Аннотация:Все клеточные формы поддерживают «редокс-статус» организма за счет антиоксидантных ферментов. Нарушение этого статуса вызывает повышенный уровень токсичных активных форм кислорода, таких как пероксиды и свободные радикалы. В результате действия активных форм кислорода такие важные компоненты клетки, как липиды и ДНК, окисляются. У человека оксидативный стресс является причиной или важной составляющей многих серьёзных заболеваний, таких как атеросклероз, гипертензия, болезни Альцгеймера и Паркинсона, диабет, инсульт, а также он играет отрицательную роль в процессах старения организма.

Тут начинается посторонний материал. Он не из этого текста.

theorem lemma3p3:
  fixes M :: "'w measure"
    and P :: "'q::euclidean_space measure"
    and \<Xi> :: "'q set"
    and xis :: "nat \<Rightarrow> 'w \<Rightarrow> 'q"
    and K :: "'y::euclidean_space set"
    and X U :: "'x::euclidean_space set"
    and F :: "'x \<Rightarrow> 'q \<Rightarrow> real" and gradF :: "'x \<Rightarrow> 'q \<Rightarrow> 'x"
    and G :: "'x \<Rightarrow> 'q \<Rightarrow> 'y" and DG :: "'x \<Rightarrow> 'q \<Rightarrow> 'x \<Rightarrow>\<^sub>L 'y"
    and f :: "'x \<Rightarrow> real" and g :: "'x \<Rightarrow> 'y"
    and \<sigma> :: real and x1 xhat :: 'x
    and x :: "nat \<Rightarrow> 'w \<Rightarrow> 'x" and y :: "nat \<Rightarrow> 'w \<Rightarrow> 'y"
  assumes M: "prob_space M"
    and P: "prob_space P" and P_borel: "sets P = sets borel"
    and Xi: "\<Xi> \<in> sets P" "AE s in P. s \<in> \<Xi>"
    \<comment> \<open>(A1): xi_1, xi_2, ... are i.i.d. copies of xi (whose law is P)\<close>
    and xis_rv: "\<And>k. 1 \<le> k \<Longrightarrow> xis k \<in> borel_measurable M"
    and xis_law: "\<And>k. 1 \<le> k \<Longrightarrow> distr M borel (xis k) = P"
    and xis_indep: "prob_space.indep_vars M (\<lambda>_. borel) xis {1..}"
    \<comment> \<open>cone and feasible set\<close>
    and K: "closed K" "convex K" "cone K" "K \<noteq> {}"
    and X: "X \<noteq> {}" "convex X" "compact X" "X \<subseteq> U"
    and U: "open U" "convex U"
    \<comment> \<open>smoothness in x (continuously differentiable) for each sample value\<close>
    and F_deriv: "\<And>s z. s \<in> \<Xi> \<Longrightarrow> z \<in> U \<Longrightarrow>
        ((\<lambda>u. F u s) has_derivative (\<lambda>h. inner (gradF z s) h)) (at z)"
    and G_deriv: "\<And>s z. s \<in> \<Xi> \<Longrightarrow> z \<in> U \<Longrightarrow>
        ((\<lambda>u. G u s) has_derivative blinfun_apply (DG z s)) (at z)"
    and gradF_cont: "\<And>s. s \<in> \<Xi> \<Longrightarrow> continuous_on U (\<lambda>u. gradF u s)"
    and DG_cont: "\<And>s. s \<in> \<Xi> \<Longrightarrow> continuous_on U (\<lambda>u. DG u s)"
    \<comment> \<open>f and g are the expectations\<close>
    and F_int: "\<And>z. z \<in> U \<Longrightarrow> integrable P (\<lambda>s. F z s)"
    and G_int: "\<And>z. z \<in> U \<Longrightarrow> integrable P (\<lambda>s. G z s)"
    and f_def: "\<And>z. z \<in> U \<Longrightarrow> f z = (\<integral>s. F z s \<partial>P)"
    and g_def: "\<And>z. z \<in> U \<Longrightarrow> g z = (\<integral>s. G z s \<partial>P)"
    \<comment> \<open>(C1): unbiased gradient / derivative estimates\<close>
    and C1_F: "\<And>z. z \<in> U \<Longrightarrow> integrable P (\<lambda>s. gradF z s) \<and>
        (f has_derivative (\<lambda>h. inner (\<integral>s. gradF z s \<partial>P) h)) (at z)"
    and C1_G: "\<And>z. z \<in> U \<Longrightarrow> (\<forall>h. integrable P (\<lambda>s. blinfun_apply (DG z s) h)) \<and>
        (g has_derivative (\<lambda>h. \<integral>s. blinfun_apply (DG z s) h \<partial>P)) (at z)"
    \<comment> \<open>(D4): Slater point\<close>
    and D4: "xhat \<in> interior X" "g xhat \<in> interior K"
    \<comment> \<open>LSAAL iterates\<close>
    and sigma_pos: "\<sigma> > 0"
    and x1: "x1 \<in> X" "\<And>\<omega>. \<omega> \<in> space M \<Longrightarrow> x 1 \<omega> = x1"
    and y1: "\<And>\<omega>. \<omega> \<in> space M \<Longrightarrow> y 1 \<omega> = 0"
    and x_step: "\<And>k \<omega>. 1 \<le> k \<Longrightarrow> \<omega> \<in> space M \<Longrightarrow>
        x (Suc k) \<omega> \<in> X \<and>
        (\<forall>z\<in>X. lin_auglag K \<sigma> F gradF G DG (x k \<omega>) (xis k \<omega>) (x (Suc k) \<omega>) (y k \<omega>)
                   + (1 / (2 * \<sigma>)) * (norm (x (Suc k) \<omega> - x k \<omega>))\<^sup>2
               \<le> lin_auglag K \<sigma> F gradF G DG (x k \<omega>) (xis k \<omega>) z (y k \<omega>)
                   + (1 / (2 * \<sigma>)) * (norm (z - x k \<omega>))\<^sup>2)"
    and y_step: "\<And>k \<omega>. 1 \<le> k \<Longrightarrow> \<omega> \<in> space M \<Longrightarrow>
        y (Suc k) \<omega> = proj_polar K (y k \<omega> + \<sigma> *\<^sub>R lin_g G DG (x k \<omega>) (xis k \<omega>) (x (Suc k) \<omega>))"
    \<comment> \<open>(x^k, y^k) is F_k-measurable; the conditional expectations in the claim exist\<close>
    and x_meas: "\<And>k. 1 \<le> k \<Longrightarrow> x k \<in> borel_measurable (sample_filtration M xis k)"
    and y_meas: "\<And>k. 1 \<le> k \<Longrightarrow> y k \<in> borel_measurable (sample_filtration M xis k)"
    and y_int: "\<And>k. 1 \<le> k \<Longrightarrow> integrable M (\<lambda>\<omega>. norm (y k \<omega>))"
  shows "\<exists>\<epsilon>0>0. \<forall>k kt. 1 \<le> kt \<and> kt \<le> k - 1 \<longrightarrow>
           (AE \<omega> in M.
              real_cond_exp M (sample_filtration M xis kt) (\<lambda>\<omega>. inner (y k \<omega>) (G xhat (xis k \<omega>))) \<omega>
              \<le> - \<epsilon>0 * real_cond_exp M (sample_filtration M xis kt) (\<lambda>\<omega>. norm (y k \<omega>)) \<omega>)"
proof -
  interpret prob_space M by (rule M)
  obtain e where "e > 0"
    and slater: "\<And>v. v \<in> polar_cone K \<Longrightarrow> inner v (g xhat) \<le> - e * norm v"
    using polar_cone_inner_le_neg_norm[OF D4(2)] by blast
  have xhat_U: "xhat \<in> U"
    using D4(1) X(4) interior_subset by blast
  have G_borel: "G xhat \<in> borel_measurable borel"
    using borel_measurable_integrable[OF G_int[OF xhat_U]] P_borel
    by (simp cong: measurable_cong_sets)
  show ?thesis
  proof (intro exI[of _ e] conjI allI impI \<open>e > 0\<close>)
    fix k kt :: nat
    assume "1 \<le> kt \<and> kt \<le> k - 1"
    then have k: "1 \<le> k" "kt \<le> k" "k = Suc (k - 1)" "1 \<le> k - 1"
      by auto
    have y_polar: "y k \<omega> \<in> polar_cone K" if "\<omega> \<in> space M" for \<omega>
      using y_step[OF k(4) that] k(3) proj_polar_in_polar_cone by metis
    have "y k \<in> borel_measurable M"
      by (rule measurable_from_subalg[OF subalgebra_sample_filtration[OF xis_rv] y_meas[OF k(1)]])
    then have y_integrable: "integrable M (y k)"
      using y_int[OF k(1)] by (simp add: integrable_norm_iff)
    have G_xi_mean: "expectation (\<lambda>\<omega>. G xhat (xis k \<omega>)) = g xhat"
      using integral_comp_law[OF xis_rv[OF k(1)] xis_law[OF k(1)] G_int[OF xhat_U]] g_def[OF xhat_U]
      by simp
    have slater_y: "AE \<omega> in M. y k \<omega> \<bullet> expectation (\<lambda>\<omega>. G xhat (xis k \<omega>)) \<le> - e * norm (y k \<omega>)"
      unfolding G_xi_mean using slater y_polar by blast
    show "AE \<omega> in M.
        real_cond_exp M (sample_filtration M xis kt) (\<lambda>\<omega>. inner (y k \<omega>) (G xhat (xis k \<omega>))) \<omega>
        \<le> - e * real_cond_exp M (sample_filtration M xis kt) (\<lambda>\<omega>. norm (y k \<omega>)) \<omega>"
      by (rule real_cond_exp_inner_indep_le_neg_norm[OF
          sigma_finite_subalgebra_sample_filtration[OF xis_rv] subalgebra_sample_filtration[OF xis_rv]
          sample_filtration_mono[OF k(2)] y_meas[OF k(1)] y_integrable
          integrable_comp_law[OF xis_rv[OF k(1)] xis_law[OF k(1)] G_int[OF xhat_U]]
          indep_var_sample_filtration[OF xis_rv xis_indep k(1) _ G_borel] slater_y])
  qed
qed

Глутадионпероксидаза – антиоксидантный фермент, выполняющий одну из ключевых ролей в защите клеток от активных форм кислорода. Глутатионпероксидазы различных типов катализируют восстановление перекисей липидов в соответствующие спирты или пероксида водорода до воды. Глутатионпероксидаза типа I (ГП-I)– самая распространенная форма фермента, она обнаружена в цитоплазме практически всех тканей млекопитающих, субстратом ГП-I является пероксид водорода.
В связи с вышеизложенным становятся актуальными разработка и внедрение антиоксидантных препаратов на основе глутатионпероксидазы в медицинскую практику. Однако, необходимо улучшить некоторые свойства нативного фермента, такие как стабильность и устойчивость к протеолизу. Целью работы была разработка методик получения стабильных препаратов на основе глутатионпероксидазы I.

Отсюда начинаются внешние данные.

lemma Li2_exp_reflection:
  assumes "z \<in> strip"
  shows "Li2 (exp (2 * pi * \<i> * z)) + Li2 (exp (- 2 * pi * \<i> * z))
           = (of_real pi)\<^sup>2 * (2 * z\<^sup>2 - 2 * z + 1/3)"
proof -
  have "(\<lambda>z. Li2 (exp (2 * pi * \<i> * z)) + Li2 (exp (- 2 * pi * \<i> * z))
          - (of_real pi)\<^sup>2 * (2 * z\<^sup>2 - 2 * z + 1/3)) z = 0"
  proof (rule vanishes_on_strip[OF _ _ assms])
    fix x assume x: "x \<in> strip"
    have d1: "((\<lambda>z. Li2 (exp (2 * pi * \<i> * z))) has_field_derivative
        - (2 * pi * \<i>) * Ln (1 - exp (2 * pi * \<i> * x))) (at x)"
      by (rule has_field_derivative_Li2_exp)
         (use x Re_strip_notin_Ints exp_2pi_i_in_slit_plane in auto)
    have d2: "((\<lambda>z. Li2 (exp (- 2 * pi * \<i> * z))) has_field_derivative
        - (- 2 * pi * \<i>) * Ln (1 - exp (- 2 * pi * \<i> * x))) (at x)"
      by (rule has_field_derivative_Li2_exp)
         (use x Re_strip_notin_Ints exp_minus_2pi_i_in_slit_plane in auto)
    have d3: "((\<lambda>z. (of_real pi)\<^sup>2 * (2 * z\<^sup>2 - 2 * z + 1/3)) has_field_derivative
        (of_real pi)\<^sup>2 * (4 * x - 2)) (at x)"
      by (auto intro!: derivative_eq_intros simp: algebra_simps)
    have "- (2 * pi * \<i>) * Ln (1 - exp (2 * pi * \<i> * x))
        + - (- 2 * pi * \<i>) * Ln (1 - exp (- 2 * pi * \<i> * x)) - (of_real pi)\<^sup>2 * (4 * x - 2)
        = - (2 * pi * \<i>) * (Ln (1 - exp (2 * pi * \<i> * x)) - Ln (1 - exp (- 2 * pi * \<i> * x))
                              - \<i> * pi * (2 * x - 1))"
      by (simp add: algebra_simps power2_eq_square)
    also have "\<dots> = 0"
      by (simp only: Ln_one_minus_exp_reflection[OF x]) simp
    finally show "((\<lambda>z. Li2 (exp (2 * pi * \<i> * z)) + Li2 (exp (- 2 * pi * \<i> * z))
          - (of_real pi)\<^sup>2 * (2 * z\<^sup>2 - 2 * z + 1/3)) has_field_derivative 0) (at x)"
      using DERIV_diff[OF DERIV_add[OF d1 d2] d3] by simp
  next
    show "(\<lambda>z. Li2 (exp (2 * pi * \<i> * z)) + Li2 (exp (- 2 * pi * \<i> * z))
          - (of_real pi)\<^sup>2 * (2 * z\<^sup>2 - 2 * z + 1/3)) (1 / 2) = 0"
      by (simp only: exp_2pi_i_half Li2_minus_one) (simp add: power2_eq_square field_simps)
  qed
  then show ?thesis by simp
qed

lemma calL1_eq_Ln:
  assumes "Im z > 0 \<or> z \<in> strip"
  shows "calL1 z = Ln (1 - exp (2 * pi * \<i> * z))"
  using assms Ln_one_minus_exp_reflection[of z] by (auto simp: calL1_def algebra_simps)

lemma calL2_eq_Li2:
  assumes "Im z > 0 \<or> z \<in> strip"
  shows "calL2 z = Li2 (exp (2 * pi * \<i> * z))"
  using assms Li2_exp_reflection[of z] by (auto simp: calL2_def algebra_simps)

definition calL_domain :: "complex set" where
  "calL_domain = {z. Im z > 0} \<union> strip \<union> {z. Im z < 0}"

lemma open_calL_domain: "open calL_domain"
  unfolding calL_domain_def by (intro open_Un open_halfspace_Im_gt open_halfspace_Im_lt open_strip)

lemma has_field_derivative_calL2:
  assumes "z \<in> calL_domain"
  shows "(calL2 has_field_derivative - 2 * pi * \<i> * calL1 z) (at z)"
proof (cases "Im z > 0 \<or> z \<in> strip")
  case True
  have "((\<lambda>z. Li2 (exp (2 * pi * \<i> * z))) has_field_derivative
          - (2 * pi * \<i>) * Ln (1 - exp (2 * pi * \<i> * z))) (at z)"
    by (rule has_field_derivative_Li2_exp)
       (use True Re_strip_notin_Ints exp_2pi_i_in_slit_plane in auto)
  then have "(calL2 has_field_derivative - (2 * pi * \<i>) * Ln (1 - exp (2 * pi * \<i> * z))) (at z)"
    by (rule has_field_derivative_transform_within_open[where S="{z. Im z > 0} \<union> strip"])
       (use True in \<open>auto intro: open_Un open_halfspace_Im_gt open_strip simp: calL2_eq_Li2\<close>)
  then show ?thesis
    using True by (simp add: calL1_eq_Ln)
next
  case False
  then have "Im z < 0"
    using assms by (auto simp: calL_domain_def)
  have "((\<lambda>z. (of_real pi)\<^sup>2 * (2 * z\<^sup>2 - 2 * z + 1/3)) has_field_derivative
      (of_real pi)\<^sup>2 * (4 * z - 2)) (at z)"
    by (auto intro!: derivative_eq_intros simp: algebra_simps)
  moreover have "((\<lambda>z. Li2 (exp (- 2 * pi * \<i> * z))) has_field_derivative
      - (- 2 * pi * \<i>) * Ln (1 - exp (- 2 * pi * \<i> * z))) (at z)"
    by (rule has_field_derivative_Li2_exp) (use \<open>Im z < 0\<close> exp_minus_2pi_i_in_slit_plane in auto)
  ultimately have "(calL2 has_field_derivative
      (of_real pi)\<^sup>2 * (4 * z - 2) - - (- 2 * pi * \<i>) * Ln (1 - exp (- 2 * pi * \<i> * z))) (at z)"
    by (rule has_field_derivative_transform_within_open[OF DERIV_diff, where S="{z. Im z < 0}"])
       (use \<open>Im z < 0\<close> in \<open>auto simp: open_halfspace_Im_lt calL2_def\<close>)
  then show ?thesis
    using \<open>Im z < 0\<close> by (simp add: calL1_def algebra_simps power2_eq_square)
qed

Установлено, что при 37°С (температуре функционирования фермента) возможными причинами инактивации ГП-I являются конформационные изменения в молекуле и окисление ответственных за катализ селеноцистеиновых остатков. В качестве методов стабилизации были предложены использование полиэлектролитов (для предотвращения конформационных изменений и окисления селеноцистеина активного центра) и наложение «химических скобок» (для фиксации каталитически активной конформации молекулы фермента).
В результате скрининга большого количества веществ обнаружено стабилизирующее влияние полиакриловой кислоты массой 5.1 кДа, которое осуществляется через образование фермент-полиэлектролитных комплексов, что было подтверждено методом динамического светорассеяния. Также в результате взаимодействия аминогрупп молекулы фермента с бифункциональным сшивающим агентом глутаровым диальдегидом выявлено образование ковалентно сшитых активных и стабильных агрегатов.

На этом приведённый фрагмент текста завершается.